[Aim of the exercise] Every line from the one with "(\<Sum>c\<in>UNIV. g y" to the one with "y)) * l_low", including those two, is to be copied exactly; all other lines of the entries below are left out.

[Stored data]
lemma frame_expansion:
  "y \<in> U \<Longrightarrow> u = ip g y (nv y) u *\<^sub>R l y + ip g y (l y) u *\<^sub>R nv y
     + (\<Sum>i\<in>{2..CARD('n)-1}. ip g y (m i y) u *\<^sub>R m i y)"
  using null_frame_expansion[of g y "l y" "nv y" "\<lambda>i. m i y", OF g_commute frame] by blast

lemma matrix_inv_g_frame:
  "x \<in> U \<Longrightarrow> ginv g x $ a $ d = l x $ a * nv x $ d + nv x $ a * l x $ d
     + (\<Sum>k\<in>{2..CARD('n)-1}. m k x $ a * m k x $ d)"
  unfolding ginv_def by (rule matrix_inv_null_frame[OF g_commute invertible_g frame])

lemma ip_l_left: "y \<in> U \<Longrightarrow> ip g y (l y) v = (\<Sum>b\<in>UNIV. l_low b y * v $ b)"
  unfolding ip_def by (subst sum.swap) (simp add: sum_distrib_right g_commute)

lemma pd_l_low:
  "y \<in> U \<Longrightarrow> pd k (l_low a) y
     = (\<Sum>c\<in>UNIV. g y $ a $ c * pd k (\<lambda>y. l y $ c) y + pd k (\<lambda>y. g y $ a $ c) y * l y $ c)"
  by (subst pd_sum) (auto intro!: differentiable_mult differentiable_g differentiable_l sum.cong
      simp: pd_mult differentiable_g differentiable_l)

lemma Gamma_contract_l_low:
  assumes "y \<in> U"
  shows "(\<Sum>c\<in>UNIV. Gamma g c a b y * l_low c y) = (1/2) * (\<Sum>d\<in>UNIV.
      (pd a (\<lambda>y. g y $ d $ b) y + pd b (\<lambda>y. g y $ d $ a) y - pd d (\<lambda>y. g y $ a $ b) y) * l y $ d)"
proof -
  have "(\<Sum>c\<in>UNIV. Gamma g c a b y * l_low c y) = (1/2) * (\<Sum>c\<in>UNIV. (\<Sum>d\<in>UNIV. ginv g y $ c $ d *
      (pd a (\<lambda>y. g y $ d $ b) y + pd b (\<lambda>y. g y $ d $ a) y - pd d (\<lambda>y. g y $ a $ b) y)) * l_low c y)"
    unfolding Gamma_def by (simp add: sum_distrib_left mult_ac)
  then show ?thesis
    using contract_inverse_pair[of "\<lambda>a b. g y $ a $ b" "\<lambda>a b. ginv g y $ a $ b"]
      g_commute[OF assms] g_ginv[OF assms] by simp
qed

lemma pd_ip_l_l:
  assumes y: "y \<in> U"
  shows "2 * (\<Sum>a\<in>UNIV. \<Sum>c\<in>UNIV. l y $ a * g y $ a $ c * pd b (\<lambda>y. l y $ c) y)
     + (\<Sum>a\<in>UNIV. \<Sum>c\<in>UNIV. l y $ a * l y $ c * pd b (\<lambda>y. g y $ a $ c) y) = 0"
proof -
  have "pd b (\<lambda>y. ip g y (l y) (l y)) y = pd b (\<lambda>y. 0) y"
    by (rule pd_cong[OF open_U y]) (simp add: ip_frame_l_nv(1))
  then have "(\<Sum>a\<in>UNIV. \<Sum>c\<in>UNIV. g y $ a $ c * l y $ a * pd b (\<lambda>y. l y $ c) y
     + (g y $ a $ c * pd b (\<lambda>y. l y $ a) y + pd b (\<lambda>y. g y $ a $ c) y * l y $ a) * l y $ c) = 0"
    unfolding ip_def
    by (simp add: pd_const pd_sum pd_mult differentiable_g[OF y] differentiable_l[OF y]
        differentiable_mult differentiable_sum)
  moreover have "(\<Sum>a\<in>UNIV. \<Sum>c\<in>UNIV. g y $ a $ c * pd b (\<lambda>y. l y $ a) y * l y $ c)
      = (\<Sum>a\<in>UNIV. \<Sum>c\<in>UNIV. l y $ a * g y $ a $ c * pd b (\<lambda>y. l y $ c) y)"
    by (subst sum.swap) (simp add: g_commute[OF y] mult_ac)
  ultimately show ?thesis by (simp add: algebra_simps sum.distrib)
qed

[Task response]
     = (\<Sum>c\<in>UNIV. g y $ a $ c * pd k (\<lambda>y. l y $ c) y + pd k (\<lambda>y. g y $ a $ c) y * l y $ c)"
  by (subst pd_sum) (auto intro!: differentiable_mult differentiable_g differentiable_l sum.cong
      simp: pd_mult differentiable_g differentiable_l)

lemma Gamma_contract_l_low:
  assumes "y \<in> U"
  shows "(\<Sum>c\<in>UNIV. Gamma g c a b y * l_low c y) = (1/2) * (\<Sum>d\<in>UNIV.
      (pd a (\<lambda>y. g y $ d $ b) y + pd b (\<lambda>y. g y $ d $ a) y - pd d (\<lambda>y. g y $ a $ b) y) * l y $ d)"
proof -
  have "(\<Sum>c\<in>UNIV. Gamma g c a b y * l_low c y) = (1/2) * (\<Sum>c\<in>UNIV. (\<Sum>d\<in>UNIV. ginv g y $ c $ d *
      (pd a (\<lambda>y. g y $ d $ b) y + pd b (\<lambda>y. g y $ d $ a) y - pd d (\<lambda>y. g y $ a $ b) y)) * l_low c y)"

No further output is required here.